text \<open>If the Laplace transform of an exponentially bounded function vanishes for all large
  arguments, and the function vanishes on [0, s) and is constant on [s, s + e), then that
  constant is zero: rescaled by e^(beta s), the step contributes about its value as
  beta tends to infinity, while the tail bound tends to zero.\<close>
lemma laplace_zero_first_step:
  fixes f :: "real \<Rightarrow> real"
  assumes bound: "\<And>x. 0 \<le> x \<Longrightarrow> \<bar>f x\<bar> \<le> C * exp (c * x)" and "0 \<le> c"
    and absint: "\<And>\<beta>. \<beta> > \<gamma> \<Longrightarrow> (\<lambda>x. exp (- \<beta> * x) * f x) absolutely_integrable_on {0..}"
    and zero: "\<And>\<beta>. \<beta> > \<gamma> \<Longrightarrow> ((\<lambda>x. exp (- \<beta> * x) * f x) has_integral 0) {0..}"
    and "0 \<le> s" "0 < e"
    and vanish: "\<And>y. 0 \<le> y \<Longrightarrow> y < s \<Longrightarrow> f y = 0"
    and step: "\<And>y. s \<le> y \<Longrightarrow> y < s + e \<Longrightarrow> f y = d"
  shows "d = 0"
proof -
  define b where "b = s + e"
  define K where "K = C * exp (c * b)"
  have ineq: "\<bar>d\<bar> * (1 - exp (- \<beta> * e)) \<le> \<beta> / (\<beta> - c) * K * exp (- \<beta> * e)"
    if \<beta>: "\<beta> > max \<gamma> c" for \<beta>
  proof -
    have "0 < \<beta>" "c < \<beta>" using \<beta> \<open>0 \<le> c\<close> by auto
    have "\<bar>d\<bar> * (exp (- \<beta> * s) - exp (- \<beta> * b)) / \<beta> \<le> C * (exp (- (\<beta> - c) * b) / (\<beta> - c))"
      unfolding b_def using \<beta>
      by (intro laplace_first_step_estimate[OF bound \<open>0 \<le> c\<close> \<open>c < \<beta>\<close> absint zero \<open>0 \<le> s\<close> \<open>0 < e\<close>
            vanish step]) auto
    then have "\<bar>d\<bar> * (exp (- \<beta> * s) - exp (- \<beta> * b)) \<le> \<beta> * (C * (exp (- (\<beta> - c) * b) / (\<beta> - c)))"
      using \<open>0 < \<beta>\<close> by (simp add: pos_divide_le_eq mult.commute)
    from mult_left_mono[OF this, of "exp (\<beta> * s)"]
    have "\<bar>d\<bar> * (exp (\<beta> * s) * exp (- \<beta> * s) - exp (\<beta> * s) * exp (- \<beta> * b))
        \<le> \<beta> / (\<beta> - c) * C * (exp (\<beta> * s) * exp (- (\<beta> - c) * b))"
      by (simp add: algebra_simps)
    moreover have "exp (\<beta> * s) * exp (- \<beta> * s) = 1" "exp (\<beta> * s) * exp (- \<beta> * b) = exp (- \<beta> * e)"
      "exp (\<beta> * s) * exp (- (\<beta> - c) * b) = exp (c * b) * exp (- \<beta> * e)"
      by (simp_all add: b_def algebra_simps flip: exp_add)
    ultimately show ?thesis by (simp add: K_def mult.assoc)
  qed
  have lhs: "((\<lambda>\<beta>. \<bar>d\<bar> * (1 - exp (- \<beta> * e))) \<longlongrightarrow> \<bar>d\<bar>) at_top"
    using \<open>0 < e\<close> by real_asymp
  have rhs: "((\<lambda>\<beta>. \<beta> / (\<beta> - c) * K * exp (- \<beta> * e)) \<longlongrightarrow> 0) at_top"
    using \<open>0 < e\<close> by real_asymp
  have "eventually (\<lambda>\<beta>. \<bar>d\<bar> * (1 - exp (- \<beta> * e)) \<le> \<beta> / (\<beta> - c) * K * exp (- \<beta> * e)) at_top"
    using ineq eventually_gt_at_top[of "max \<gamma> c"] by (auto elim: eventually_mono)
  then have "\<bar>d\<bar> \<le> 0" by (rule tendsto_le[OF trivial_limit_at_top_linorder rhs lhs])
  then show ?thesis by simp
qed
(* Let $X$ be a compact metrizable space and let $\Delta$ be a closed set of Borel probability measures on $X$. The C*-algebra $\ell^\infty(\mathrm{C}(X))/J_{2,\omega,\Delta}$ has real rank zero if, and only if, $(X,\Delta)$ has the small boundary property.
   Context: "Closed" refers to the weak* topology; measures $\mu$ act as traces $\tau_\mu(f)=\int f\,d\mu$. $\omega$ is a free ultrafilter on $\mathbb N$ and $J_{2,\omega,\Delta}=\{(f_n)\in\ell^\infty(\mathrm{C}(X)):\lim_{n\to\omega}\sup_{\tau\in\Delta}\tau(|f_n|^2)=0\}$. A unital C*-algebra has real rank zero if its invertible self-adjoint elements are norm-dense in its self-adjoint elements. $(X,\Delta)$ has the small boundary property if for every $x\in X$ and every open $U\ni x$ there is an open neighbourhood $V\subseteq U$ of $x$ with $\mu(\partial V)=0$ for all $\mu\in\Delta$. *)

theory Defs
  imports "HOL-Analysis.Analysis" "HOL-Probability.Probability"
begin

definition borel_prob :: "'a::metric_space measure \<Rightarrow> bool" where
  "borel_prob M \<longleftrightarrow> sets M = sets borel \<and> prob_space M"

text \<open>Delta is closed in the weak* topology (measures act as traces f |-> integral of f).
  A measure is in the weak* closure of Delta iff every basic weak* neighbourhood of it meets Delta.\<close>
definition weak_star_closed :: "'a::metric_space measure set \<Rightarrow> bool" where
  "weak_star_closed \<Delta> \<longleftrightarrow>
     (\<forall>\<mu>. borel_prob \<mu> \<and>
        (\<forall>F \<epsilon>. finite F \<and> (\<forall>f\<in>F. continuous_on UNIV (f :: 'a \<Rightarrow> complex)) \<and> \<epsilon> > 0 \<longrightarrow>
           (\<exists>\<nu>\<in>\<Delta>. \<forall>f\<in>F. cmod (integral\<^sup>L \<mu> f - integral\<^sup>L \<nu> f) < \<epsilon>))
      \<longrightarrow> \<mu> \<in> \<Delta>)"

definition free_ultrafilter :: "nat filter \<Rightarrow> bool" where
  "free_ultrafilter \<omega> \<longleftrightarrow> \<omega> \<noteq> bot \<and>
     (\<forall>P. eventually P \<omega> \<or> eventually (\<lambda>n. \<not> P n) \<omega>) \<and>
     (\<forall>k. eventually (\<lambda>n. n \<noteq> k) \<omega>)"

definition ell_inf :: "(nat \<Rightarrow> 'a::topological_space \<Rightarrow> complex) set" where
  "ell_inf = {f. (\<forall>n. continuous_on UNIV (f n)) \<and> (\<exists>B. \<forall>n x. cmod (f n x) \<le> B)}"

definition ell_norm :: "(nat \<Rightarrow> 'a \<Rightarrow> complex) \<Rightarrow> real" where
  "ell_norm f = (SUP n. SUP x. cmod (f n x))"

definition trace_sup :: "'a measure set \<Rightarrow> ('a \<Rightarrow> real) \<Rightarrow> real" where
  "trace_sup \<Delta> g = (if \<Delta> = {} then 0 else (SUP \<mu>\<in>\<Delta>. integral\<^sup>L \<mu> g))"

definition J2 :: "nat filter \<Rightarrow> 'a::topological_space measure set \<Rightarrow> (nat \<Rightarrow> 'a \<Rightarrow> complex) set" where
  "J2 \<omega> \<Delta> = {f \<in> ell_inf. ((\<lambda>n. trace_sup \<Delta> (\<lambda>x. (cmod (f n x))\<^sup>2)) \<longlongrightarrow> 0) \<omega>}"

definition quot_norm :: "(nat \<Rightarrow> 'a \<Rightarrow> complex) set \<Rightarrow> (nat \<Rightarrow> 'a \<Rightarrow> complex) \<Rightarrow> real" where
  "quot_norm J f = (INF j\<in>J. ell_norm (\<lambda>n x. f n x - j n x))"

▬▬▬▬▬▬

When you reach the line with "e)) \<longlongrightarrow> 0)" in the records above, start writing out lines exactly, and stop once the line with "(* Let $X$ be" has been written; include nothing else.

  have rhs: "((\<lambda>\<beta>. \<beta> / (\<beta> - c) * K * exp (- \<beta> * e)) \<longlongrightarrow> 0) at_top"
    using \<open>0 < e\<close> by real_asymp
  have "eventually (\<lambda>\<beta>. \<bar>d\<bar> * (1 - exp (- \<beta> * e)) \<le> \<beta> / (\<beta> - c) * K * exp (- \<beta> * e)) at_top"
    using ineq eventually_gt_at_top[of "max \<gamma> c"] by (auto elim: eventually_mono)
  then have "\<bar>d\<bar> \<le> 0" by (rule tendsto_le[OF trivial_limit_at_top_linorder rhs lhs])
  then show ?thesis by simp
qed
(* Let $X$ be a compact metrizable space and let $\Delta$ be a closed set of Borel probability measures on $X$. The C*-algebra $\ell^\infty(\mathrm{C}(X))/J_{2,\omega,\Delta}$ has real rank zero if, and only if, $(X,\Delta)$ has the small boundary property.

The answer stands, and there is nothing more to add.